Experimental knee simulators for component evaluation or in vitro testing provide valuable insight into the mechanics of the implanted joint. The Kansas knee simulator (KKS) is an electro-hydraulic whole joint knee simulator, with five actuators at the hip, ankle and quadriceps muscle used to simulate a variety of dynamic activities in cadaveric specimens. However, the number and type of experimental tests which can feasibly be performed is limited by the need to make physical component parts, obtain cadaveric specimens and the substantial time required to carry out each test. Computational simulations provide a complementary toolset to experimental testing; experimental data can be used to validate the computational model which can subsequently be used for early evaluation and ranking of component designs. The objective of this study was to explore potential improvements to loading and boundary conditions in current computational/experimental models, specifically the KKS, in order to develop representations of several activities of daily living (ADLs) which reproduce in vivo knee joint loading measurements.

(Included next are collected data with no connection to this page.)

lemma S1_nonneg:
  assumes "0 \<le> t" shows "0 \<le> S1 t"
proof (rule linear_ode_nonneg[where t\<^sub>0 = 0 and T = t and u = S1 and a = "\<lambda>s. - (\<beta> * A s + \<mu>)"
      and h = "\<lambda>s. (1 - p) * \<beta> * S0 s * A s" and L = 0])
  fix s assume "0 < s" "s \<le> t"
  show "(S1 has_real_derivative - (\<beta> * A s + \<mu>) * S1 s + (1 - p) * \<beta> * S0 s * A s) (at s)"
    using S1_deriv[OF \<open>0 < s\<close>] by (simp add: S1'_def fS1_def algebra_simps)
next
  fix s :: real assume "0 \<le> s"
  then have "0 \<le> \<beta> * A s" "0 \<le> (1 - p) * \<beta> * S0 s * A s"
    using A_nonneg[of s] S0_nonneg[of s] beta_pos p_less_1 by simp_all
  then show "- (\<beta> * A s + \<mu>) \<le> 0" "0 \<le> (1 - p) * \<beta> * S0 s * A s"
    using mu_pos by simp_all
qed (use assms initial_nonneg continuous_on_solution[of "{0..t}"] in auto)

lemma in_simplex_forward: "0 \<le> t \<Longrightarrow> in_simplex (S0 t) (S1 t) (A t)"
  using S0_nonneg S1_nonneg A_nonneg total_population by (simp add: in_simplex_def)

lemma abs_solution_le_1:
  assumes "0 \<le> t" shows "\<bar>S0 t\<bar> \<le> 1" "\<bar>A t\<bar> \<le> 1"
  using in_simplex_forward[OF assms] by (auto simp: in_simplex_def)

lemma S0'_deriv:
  assumes "0 < t"
  shows "(S0' has_real_derivative - (\<beta> * A t + \<mu>) * S0' t + \<beta> * S0 t * - A' t) (at t)"
proof -
  have "S0' = (\<lambda>t. \<mu> - \<beta> * S0 t * A t - \<mu> * S0 t)"
    by (simp add: S0'_def fS0_def fun_eq_iff)
  then show ?thesis
    using S0_deriv[OF assms] A_deriv[OF assms]
    by (auto intro!: derivative_eq_intros simp: algebra_simps)
qed

lemma minus_A'_deriv:
  assumes "0 < t"
  shows "((\<lambda>t. - A' t) has_real_derivative
    (1 - p) * \<beta> * A t * S0' t + (\<beta> * (p * S0 t + S1 t) - \<mu> - \<beta> * A t) * - A' t) (at t)"
proof -
  have "S1' t = - S0' t - A' t"
    using sum_of_derivs[of t] total_population[of t] assms by simp
  then have dS1: "(S1 has_real_derivative - S0' t - A' t) (at t)"
    using S1_deriv[OF assms] by simp
  have "(\<lambda>t. - A' t) = (\<lambda>t. - (\<beta> * (p * S0 t + S1 t) * A t - \<mu> * A t))"
    by (simp add: A'_def fA_def fun_eq_iff)
  then show ?thesis
    using S0_deriv[OF assms] dS1 A_deriv[OF assms]
    by (auto intro!: derivative_eq_intros simp: algebra_simps)
qed

lemma derivs_eventually_signed:
  "(eventually (\<lambda>t. 0 \<le> S0' t) at_top \<or> eventually (\<lambda>t. S0' t \<le> 0) at_top) \<and>
   (eventually (\<lambda>t. 0 \<le> - A' t) at_top \<or> eventually (\<lambda>t. - A' t \<le> 0) at_top)"
proof (rule cooperative_linear_system_eventually_signed[where t\<^sub>0 = 0 and u = S0' and q = "\<lambda>t. - A' t"
      and a = "\<lambda>t. - (\<beta> * A t + \<mu>)" and b = "\<lambda>t. \<beta> * S0 t"
      and c = "\<lambda>t. (1 - p) * \<beta> * A t" and d = "\<lambda>t. \<beta> * (p * S0 t + S1 t) - \<mu> - \<beta> * A t"
      and L = \<beta>])
  fix t :: real assume "0 \<le> t"
  then have "in_simplex (S0 t) (S1 t) (A t)"
    by (rule in_simplex_forward)
  then have simplex: "0 \<le> S0 t" "0 \<le> S1 t" "0 \<le> A t" "S0 t + S1 t + A t = 1"
    by (simp_all add: in_simplex_def)
  show "0 \<le> \<beta> * S0 t" "0 \<le> (1 - p) * \<beta> * A t"
    using simplex beta_pos p_less_1 by simp_all
  have "\<beta> * S0 t \<le> \<beta>" "0 \<le> \<beta> * A t"
    using simplex beta_pos by (simp_all add: mult_left_le)
  then show "- (\<beta> * A t + \<mu>) + \<beta> * S0 t \<le> \<beta>"
    using mu_pos by simp
  have "p * S0 t + S1 t \<le> 1"
    using simplex p_less_1 mult_right_mono[of p 1 "S0 t"] by simp
  then have "\<beta> * (p * S0 t + S1 t) \<le> \<beta>"
    using beta_pos by (simp add: mult_left_le)
  moreover have "0 \<le> p * (\<beta> * A t)"
    using simplex beta_pos p_pos by simp
  ultimately show "(1 - p) * \<beta> * A t + (\<beta> * (p * S0 t + S1 t) - \<mu> - \<beta> * A t) \<le> \<beta>"
    using mu_pos by (simp add: algebra_simps)
qed (use continuous_on_derivs[of "{0..}"] S0'_deriv minus_A'_deriv
    in \<open>auto intro: continuous_on_minus\<close>)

An existing finite element model of the KKS was modified to extend the capability, and improve the fidelity, of the computational model beyond the experimental setup. An actuator to allow anterior-posterior (A-P) motion of the hip was included and used to prescribe relative hip-ankle A-P kinematics during the simulations. The quadriceps muscle, which in the experimental simulator consisted of a single quadriceps bundle with a point-to-point line of action, was divided into four heads of the quadriceps with physiological muscle paths. The hamstrings muscle, which was not present in the experiment, was represented by point-to-point actuators in four bundles. A flexible control system was developed which allowed control of the quadriceps and hamstrings actuators to match a knee flexion profile, similar to actuation of the experimental KKS, but also allowed control of the compressive tibiofemoral (TF) joint force, medial-lateral (M-L) load distribution, internal-external (I-E) torque and A-P load at the joint. A series of sensors, measuring all six load components on the medial and lateral compartments of the tibial insert, as well as knee flexion angle, were incorporated into the simulation. Instantaneous measurements from the sensors were fed to a control system, implemented within an Abaqus/Explicit user subroutine (Figure 1). The controller was used to drive actuators in the FE model to match target in vivo joint loading profiles, measured from telemetric patient data. The control system was applied to recreate in vivo loading conditions at the knee joint during three ADLs for three different subjects (Figure 2), with excellent agreement between simulation joint loading conditions and the target profiles; RMS differences were less than 1°, 80N, 2.5%, and 0.8Nm for knee flexion angle, compressive joint load, M-L load split and I-E torque, respectively, throughout the cycle for all three activities (Figure 3). The flexible nature of the control system ensures that it can be used to evaluate an expansive variety of ‘effect of’ studies, as well as to determine advanced loading profiles for the experimental simulator.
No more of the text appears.